[Opening PROVIDED RECORDS section]

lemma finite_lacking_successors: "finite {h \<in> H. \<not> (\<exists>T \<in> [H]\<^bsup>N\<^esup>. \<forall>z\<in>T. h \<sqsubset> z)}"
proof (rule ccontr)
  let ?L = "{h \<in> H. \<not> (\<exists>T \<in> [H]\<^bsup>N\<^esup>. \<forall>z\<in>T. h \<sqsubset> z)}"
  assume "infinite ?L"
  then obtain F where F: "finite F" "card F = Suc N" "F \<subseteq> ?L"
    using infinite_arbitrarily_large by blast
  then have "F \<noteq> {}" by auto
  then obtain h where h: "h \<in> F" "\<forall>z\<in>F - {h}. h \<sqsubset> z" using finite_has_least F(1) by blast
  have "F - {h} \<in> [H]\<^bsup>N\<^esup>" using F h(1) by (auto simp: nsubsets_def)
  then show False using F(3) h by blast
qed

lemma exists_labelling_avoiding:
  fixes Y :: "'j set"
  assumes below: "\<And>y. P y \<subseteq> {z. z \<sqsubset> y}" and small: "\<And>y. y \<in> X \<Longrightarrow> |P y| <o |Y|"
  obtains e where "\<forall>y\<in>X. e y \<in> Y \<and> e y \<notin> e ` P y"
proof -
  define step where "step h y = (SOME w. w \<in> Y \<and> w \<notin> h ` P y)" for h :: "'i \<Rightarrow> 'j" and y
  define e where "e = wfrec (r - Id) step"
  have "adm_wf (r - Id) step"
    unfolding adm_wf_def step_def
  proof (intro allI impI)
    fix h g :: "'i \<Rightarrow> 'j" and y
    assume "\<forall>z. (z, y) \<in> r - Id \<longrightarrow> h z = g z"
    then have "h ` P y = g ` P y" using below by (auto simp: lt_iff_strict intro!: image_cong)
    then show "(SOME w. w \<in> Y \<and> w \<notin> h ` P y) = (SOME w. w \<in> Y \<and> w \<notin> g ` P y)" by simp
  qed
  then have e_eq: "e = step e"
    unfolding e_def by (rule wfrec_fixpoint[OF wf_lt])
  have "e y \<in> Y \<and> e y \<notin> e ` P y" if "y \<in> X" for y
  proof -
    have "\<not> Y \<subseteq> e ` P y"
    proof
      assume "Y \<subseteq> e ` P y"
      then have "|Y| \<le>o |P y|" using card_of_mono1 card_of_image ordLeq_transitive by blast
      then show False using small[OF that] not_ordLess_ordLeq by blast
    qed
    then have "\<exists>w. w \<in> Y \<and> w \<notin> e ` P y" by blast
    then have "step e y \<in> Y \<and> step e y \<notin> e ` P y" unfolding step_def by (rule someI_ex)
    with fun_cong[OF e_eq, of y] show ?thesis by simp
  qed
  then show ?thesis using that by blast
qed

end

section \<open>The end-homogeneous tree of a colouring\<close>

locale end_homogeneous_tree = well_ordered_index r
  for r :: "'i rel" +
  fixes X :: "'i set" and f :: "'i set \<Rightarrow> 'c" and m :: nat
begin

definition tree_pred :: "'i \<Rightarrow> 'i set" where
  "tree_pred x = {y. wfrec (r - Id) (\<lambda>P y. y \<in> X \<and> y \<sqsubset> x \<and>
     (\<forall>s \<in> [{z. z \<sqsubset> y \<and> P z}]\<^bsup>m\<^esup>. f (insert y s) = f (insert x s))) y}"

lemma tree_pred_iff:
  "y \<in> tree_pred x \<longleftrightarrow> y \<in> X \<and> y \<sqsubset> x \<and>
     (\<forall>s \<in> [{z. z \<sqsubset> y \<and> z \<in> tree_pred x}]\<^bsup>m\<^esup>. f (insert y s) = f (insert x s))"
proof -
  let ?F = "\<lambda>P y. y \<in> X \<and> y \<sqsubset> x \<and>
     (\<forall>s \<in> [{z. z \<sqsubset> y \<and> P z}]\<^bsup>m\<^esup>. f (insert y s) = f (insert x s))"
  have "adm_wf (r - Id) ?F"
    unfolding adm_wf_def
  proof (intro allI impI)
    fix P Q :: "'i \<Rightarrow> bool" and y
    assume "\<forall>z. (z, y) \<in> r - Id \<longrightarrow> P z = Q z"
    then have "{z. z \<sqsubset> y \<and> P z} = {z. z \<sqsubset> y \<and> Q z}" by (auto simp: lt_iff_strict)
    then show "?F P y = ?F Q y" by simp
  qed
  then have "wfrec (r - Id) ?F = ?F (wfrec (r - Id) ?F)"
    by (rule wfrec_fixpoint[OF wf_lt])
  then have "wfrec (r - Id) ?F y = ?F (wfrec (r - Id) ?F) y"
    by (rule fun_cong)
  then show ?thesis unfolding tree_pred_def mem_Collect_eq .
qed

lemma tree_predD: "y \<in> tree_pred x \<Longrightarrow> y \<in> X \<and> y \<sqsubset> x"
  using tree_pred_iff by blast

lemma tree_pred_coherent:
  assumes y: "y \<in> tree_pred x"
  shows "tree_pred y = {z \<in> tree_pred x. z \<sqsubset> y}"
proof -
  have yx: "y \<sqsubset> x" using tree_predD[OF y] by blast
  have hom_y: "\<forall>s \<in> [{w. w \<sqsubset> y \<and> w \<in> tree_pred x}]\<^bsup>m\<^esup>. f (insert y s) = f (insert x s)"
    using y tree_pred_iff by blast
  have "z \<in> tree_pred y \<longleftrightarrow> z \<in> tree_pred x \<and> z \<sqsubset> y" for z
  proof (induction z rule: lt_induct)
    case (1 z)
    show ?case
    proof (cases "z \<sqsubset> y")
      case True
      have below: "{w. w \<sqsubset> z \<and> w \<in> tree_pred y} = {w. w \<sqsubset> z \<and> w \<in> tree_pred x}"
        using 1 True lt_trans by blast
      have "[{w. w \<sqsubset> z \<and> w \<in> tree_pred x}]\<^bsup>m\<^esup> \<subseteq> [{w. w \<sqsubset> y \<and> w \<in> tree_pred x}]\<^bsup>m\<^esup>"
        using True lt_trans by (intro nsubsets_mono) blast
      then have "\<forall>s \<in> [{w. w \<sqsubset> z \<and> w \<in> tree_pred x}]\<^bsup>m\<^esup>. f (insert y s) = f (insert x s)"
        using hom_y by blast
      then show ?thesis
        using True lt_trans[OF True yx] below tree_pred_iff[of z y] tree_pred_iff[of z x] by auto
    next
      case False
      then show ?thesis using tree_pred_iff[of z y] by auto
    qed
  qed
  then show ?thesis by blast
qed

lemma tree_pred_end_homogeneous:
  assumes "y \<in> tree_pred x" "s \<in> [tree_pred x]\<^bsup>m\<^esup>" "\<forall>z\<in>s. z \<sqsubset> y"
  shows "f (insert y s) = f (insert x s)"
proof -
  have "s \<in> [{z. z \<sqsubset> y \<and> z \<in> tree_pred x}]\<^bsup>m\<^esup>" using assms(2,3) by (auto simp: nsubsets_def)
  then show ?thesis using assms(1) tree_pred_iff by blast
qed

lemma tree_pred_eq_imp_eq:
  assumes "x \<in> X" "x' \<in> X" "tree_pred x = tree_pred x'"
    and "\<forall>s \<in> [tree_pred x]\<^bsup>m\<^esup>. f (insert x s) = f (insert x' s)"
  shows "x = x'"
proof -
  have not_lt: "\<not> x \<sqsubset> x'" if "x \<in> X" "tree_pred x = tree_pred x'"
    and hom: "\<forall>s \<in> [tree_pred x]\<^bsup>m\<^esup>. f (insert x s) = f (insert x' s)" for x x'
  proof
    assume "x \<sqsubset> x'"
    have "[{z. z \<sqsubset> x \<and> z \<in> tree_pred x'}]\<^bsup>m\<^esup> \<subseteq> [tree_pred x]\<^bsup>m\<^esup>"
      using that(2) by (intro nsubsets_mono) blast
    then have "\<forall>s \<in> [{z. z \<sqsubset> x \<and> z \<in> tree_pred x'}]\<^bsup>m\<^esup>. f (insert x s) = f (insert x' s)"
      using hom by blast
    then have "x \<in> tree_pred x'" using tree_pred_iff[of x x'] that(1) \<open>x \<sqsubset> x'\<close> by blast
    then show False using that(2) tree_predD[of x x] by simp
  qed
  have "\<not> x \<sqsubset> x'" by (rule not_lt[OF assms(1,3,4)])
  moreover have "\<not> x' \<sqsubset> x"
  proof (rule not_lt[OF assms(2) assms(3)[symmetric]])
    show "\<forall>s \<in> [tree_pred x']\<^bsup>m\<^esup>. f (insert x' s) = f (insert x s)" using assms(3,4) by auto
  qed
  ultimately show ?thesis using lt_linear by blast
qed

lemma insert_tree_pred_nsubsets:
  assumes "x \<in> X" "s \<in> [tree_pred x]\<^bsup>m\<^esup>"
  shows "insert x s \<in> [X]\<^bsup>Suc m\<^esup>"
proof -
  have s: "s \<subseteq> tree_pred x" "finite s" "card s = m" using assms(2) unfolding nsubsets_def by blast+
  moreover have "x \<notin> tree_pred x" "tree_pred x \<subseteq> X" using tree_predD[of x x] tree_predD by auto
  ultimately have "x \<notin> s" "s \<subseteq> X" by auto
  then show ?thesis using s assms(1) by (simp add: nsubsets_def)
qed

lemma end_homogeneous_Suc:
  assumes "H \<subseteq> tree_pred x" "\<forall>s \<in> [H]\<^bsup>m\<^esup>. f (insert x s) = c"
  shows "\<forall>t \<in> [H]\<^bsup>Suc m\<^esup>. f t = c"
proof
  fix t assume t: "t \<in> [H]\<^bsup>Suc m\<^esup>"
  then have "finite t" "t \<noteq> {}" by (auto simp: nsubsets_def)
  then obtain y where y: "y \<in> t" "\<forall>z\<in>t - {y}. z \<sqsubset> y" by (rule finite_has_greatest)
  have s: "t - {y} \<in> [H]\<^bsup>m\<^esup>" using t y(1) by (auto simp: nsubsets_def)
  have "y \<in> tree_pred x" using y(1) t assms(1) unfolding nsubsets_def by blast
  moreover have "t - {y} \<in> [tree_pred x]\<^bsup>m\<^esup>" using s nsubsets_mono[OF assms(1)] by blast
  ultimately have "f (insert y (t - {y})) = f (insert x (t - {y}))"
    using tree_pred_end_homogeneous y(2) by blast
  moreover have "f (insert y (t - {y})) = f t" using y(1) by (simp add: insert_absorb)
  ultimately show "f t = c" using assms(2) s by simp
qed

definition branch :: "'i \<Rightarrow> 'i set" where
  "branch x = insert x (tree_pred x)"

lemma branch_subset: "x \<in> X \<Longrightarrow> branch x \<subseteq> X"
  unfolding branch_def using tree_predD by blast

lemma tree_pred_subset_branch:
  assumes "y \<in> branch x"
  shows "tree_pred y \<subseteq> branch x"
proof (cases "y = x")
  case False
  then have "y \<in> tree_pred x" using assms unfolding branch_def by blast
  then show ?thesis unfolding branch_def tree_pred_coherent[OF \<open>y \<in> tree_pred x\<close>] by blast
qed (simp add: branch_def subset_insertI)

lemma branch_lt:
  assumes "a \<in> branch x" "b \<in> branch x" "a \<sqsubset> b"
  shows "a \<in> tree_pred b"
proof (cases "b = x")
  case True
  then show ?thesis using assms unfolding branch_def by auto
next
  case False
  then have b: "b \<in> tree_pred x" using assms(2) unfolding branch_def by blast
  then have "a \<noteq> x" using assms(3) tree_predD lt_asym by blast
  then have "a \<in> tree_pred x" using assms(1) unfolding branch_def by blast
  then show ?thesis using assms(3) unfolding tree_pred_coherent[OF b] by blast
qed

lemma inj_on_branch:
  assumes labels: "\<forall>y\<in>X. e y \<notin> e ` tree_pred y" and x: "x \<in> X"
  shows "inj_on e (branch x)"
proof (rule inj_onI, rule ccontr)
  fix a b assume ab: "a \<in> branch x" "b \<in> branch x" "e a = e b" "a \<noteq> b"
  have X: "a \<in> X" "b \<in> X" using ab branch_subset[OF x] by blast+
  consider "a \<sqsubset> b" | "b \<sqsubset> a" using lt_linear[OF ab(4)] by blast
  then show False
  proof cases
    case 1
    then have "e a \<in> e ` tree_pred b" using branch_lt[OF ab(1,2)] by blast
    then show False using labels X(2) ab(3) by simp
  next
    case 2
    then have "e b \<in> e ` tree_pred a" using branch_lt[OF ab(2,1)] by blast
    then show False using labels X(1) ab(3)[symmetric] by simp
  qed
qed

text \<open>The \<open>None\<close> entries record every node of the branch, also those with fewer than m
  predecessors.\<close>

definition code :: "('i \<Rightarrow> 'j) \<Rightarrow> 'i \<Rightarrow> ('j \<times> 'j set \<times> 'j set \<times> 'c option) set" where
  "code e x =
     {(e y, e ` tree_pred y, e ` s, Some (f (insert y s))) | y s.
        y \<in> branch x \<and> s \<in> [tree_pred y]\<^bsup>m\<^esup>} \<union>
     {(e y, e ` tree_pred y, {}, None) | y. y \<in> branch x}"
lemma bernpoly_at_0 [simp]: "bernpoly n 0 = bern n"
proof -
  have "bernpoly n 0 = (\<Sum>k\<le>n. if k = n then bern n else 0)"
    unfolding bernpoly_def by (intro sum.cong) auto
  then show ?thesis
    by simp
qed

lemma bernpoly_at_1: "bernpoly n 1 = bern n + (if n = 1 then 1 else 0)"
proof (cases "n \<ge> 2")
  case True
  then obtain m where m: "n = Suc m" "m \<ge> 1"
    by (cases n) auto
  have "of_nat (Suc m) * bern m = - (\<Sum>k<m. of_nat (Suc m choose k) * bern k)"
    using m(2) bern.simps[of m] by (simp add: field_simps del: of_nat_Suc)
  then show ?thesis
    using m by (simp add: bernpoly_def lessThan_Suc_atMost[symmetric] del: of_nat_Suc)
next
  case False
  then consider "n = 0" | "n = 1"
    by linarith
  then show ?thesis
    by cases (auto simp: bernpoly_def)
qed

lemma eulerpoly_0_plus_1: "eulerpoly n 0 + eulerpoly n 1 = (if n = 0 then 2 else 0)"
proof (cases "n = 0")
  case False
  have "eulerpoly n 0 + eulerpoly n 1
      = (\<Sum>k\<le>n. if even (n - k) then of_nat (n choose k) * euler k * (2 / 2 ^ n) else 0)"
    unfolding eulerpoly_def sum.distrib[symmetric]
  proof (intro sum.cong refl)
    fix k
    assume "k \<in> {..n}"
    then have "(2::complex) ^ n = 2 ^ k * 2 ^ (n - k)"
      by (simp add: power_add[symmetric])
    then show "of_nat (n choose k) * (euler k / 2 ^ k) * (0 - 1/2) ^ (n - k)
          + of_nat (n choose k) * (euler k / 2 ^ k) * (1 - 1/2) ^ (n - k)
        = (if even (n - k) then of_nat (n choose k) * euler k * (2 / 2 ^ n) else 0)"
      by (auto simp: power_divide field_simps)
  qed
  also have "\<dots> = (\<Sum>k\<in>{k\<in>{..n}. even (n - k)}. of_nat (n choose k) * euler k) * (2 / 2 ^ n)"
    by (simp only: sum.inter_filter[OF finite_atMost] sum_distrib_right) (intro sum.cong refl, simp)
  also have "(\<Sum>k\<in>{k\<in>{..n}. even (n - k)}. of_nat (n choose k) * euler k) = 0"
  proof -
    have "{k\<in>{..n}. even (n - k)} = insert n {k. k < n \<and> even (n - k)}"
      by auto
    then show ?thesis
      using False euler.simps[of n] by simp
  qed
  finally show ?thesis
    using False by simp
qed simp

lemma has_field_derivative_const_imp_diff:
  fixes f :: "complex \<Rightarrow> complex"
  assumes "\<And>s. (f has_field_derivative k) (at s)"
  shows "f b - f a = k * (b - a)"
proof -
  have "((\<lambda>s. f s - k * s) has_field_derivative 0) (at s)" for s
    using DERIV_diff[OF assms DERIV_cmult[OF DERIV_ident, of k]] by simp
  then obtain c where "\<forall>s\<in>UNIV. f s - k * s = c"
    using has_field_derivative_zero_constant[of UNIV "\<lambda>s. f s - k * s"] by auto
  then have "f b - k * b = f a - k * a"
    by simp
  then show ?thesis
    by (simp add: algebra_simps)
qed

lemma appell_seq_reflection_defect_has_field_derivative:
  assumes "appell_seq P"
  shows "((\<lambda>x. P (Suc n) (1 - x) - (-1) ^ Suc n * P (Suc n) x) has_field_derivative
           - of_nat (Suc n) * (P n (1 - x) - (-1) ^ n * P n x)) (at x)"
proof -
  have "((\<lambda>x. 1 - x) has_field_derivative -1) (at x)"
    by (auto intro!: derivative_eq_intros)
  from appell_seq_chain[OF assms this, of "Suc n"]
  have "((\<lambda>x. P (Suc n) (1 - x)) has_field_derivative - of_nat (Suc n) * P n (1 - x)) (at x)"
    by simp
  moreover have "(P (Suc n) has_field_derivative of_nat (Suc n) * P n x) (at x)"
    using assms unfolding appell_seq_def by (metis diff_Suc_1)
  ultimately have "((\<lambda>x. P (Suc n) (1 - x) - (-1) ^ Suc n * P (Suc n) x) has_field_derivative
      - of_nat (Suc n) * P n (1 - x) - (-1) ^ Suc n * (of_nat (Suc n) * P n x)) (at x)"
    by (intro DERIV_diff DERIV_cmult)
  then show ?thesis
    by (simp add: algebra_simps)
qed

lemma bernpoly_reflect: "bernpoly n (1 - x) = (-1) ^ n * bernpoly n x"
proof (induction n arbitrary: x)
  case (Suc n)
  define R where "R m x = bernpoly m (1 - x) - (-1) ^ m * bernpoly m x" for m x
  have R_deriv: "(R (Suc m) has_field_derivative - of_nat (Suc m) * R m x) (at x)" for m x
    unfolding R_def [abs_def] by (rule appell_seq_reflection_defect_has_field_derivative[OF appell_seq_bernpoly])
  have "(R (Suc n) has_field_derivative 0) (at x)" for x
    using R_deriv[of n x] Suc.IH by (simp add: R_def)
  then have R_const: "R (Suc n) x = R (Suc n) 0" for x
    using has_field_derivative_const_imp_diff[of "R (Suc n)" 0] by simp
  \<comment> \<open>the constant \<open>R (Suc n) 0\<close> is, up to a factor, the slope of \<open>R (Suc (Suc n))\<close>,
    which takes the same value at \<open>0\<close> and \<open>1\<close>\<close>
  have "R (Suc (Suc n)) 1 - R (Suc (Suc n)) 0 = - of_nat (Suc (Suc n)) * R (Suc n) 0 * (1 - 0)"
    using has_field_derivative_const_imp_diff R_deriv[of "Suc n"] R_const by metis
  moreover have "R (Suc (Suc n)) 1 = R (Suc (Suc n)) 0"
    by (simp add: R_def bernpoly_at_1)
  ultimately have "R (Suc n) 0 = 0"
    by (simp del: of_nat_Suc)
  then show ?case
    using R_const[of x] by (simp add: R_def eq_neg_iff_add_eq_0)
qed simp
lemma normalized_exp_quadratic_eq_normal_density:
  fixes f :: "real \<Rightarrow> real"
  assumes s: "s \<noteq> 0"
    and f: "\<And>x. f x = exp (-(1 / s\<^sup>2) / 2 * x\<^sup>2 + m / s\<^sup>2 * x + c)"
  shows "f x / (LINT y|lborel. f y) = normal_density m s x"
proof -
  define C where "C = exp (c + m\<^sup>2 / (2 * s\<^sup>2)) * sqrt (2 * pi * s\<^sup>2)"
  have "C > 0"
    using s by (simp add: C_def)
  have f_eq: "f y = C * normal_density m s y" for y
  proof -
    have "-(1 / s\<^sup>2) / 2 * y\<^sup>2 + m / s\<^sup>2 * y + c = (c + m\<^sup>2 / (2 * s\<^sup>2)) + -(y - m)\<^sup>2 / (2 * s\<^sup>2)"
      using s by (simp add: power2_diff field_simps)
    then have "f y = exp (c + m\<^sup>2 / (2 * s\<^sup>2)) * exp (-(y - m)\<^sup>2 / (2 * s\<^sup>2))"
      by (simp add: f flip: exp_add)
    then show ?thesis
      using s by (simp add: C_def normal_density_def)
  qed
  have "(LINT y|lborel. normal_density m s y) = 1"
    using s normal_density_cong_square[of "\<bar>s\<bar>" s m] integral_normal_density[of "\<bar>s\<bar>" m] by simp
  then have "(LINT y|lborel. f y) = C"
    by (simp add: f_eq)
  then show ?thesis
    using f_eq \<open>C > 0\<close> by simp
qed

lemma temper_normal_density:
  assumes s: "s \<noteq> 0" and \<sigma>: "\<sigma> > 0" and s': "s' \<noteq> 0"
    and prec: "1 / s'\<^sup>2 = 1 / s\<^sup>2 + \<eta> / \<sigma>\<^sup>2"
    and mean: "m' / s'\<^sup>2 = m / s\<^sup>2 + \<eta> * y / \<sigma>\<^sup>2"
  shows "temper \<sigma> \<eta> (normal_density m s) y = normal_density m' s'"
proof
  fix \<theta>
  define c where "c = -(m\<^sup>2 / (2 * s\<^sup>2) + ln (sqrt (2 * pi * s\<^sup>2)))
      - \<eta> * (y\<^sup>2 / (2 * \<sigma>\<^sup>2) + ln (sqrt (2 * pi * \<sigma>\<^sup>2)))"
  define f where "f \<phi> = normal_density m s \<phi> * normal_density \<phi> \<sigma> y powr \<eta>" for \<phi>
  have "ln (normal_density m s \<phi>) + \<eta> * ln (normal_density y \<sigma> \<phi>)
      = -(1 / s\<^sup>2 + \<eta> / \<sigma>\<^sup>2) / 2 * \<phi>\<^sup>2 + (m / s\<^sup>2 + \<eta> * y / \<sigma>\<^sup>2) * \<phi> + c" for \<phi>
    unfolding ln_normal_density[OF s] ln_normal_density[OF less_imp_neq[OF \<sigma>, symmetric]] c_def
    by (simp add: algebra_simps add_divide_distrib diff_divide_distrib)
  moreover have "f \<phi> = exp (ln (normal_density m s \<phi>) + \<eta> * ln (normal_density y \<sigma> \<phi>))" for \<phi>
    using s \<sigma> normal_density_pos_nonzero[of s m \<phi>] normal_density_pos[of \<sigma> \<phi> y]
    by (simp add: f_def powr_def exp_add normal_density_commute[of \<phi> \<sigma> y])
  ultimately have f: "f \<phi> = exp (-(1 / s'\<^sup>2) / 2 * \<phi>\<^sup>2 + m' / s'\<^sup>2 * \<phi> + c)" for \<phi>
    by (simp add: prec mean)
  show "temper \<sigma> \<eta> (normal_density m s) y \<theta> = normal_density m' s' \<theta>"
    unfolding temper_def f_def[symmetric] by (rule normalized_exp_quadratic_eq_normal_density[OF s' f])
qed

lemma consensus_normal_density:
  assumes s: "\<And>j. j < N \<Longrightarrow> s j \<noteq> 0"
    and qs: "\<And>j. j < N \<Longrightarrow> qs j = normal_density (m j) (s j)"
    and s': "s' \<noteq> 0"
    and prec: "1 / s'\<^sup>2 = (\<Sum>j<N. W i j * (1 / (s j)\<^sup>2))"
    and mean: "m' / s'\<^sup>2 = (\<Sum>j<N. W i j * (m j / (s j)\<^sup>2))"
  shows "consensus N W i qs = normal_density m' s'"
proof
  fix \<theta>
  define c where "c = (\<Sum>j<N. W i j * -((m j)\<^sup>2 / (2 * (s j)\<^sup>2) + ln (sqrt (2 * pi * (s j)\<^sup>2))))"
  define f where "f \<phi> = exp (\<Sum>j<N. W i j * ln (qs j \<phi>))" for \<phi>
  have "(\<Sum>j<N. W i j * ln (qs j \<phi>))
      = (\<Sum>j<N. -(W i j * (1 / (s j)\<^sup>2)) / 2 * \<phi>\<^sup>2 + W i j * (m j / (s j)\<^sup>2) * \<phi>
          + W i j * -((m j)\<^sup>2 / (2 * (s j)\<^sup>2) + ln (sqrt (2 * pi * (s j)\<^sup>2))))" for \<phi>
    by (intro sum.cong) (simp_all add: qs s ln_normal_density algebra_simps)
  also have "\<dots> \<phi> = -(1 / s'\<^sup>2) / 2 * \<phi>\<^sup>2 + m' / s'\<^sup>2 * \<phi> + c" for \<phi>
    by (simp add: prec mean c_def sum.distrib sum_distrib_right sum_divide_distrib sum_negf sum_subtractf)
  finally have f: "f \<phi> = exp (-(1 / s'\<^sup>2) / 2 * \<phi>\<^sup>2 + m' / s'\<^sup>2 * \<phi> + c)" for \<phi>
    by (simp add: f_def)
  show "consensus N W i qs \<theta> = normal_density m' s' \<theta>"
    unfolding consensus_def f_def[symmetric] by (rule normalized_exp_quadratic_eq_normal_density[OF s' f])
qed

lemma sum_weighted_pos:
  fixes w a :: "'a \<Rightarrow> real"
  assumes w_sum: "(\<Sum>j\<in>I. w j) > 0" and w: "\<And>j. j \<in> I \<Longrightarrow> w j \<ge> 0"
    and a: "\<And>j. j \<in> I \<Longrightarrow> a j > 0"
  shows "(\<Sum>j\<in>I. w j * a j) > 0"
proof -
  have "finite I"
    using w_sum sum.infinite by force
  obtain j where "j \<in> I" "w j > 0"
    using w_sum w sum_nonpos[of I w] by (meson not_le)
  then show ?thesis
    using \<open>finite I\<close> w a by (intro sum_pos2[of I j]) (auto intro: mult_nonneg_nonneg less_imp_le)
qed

[Closing PROVIDED RECORDS section]

WHAT THIS TASK INVOLVES: Look through the entries above, and wherever a line holds the word "noteq", copy it.

FINISHED TASK:
  then have "F \<noteq> {}" by auto
  then have "finite t" "t \<noteq> {}" by (auto simp: nsubsets_def)
  then have "a \<noteq> x" using assms(3) tree_predD lt_asym by blast
  fix a b assume ab: "a \<in> branch x" "b \<in> branch x" "e a = e b" "a \<noteq> b"
  assumes s: "s \<noteq> 0"
  assumes s: "s \<noteq> 0" and \<sigma>: "\<sigma> > 0" and s': "s' \<noteq> 0"
  assumes s: "\<And>j. j < N \<Longrightarrow> s j \<noteq> 0"
    and s': "s' \<noteq> 0"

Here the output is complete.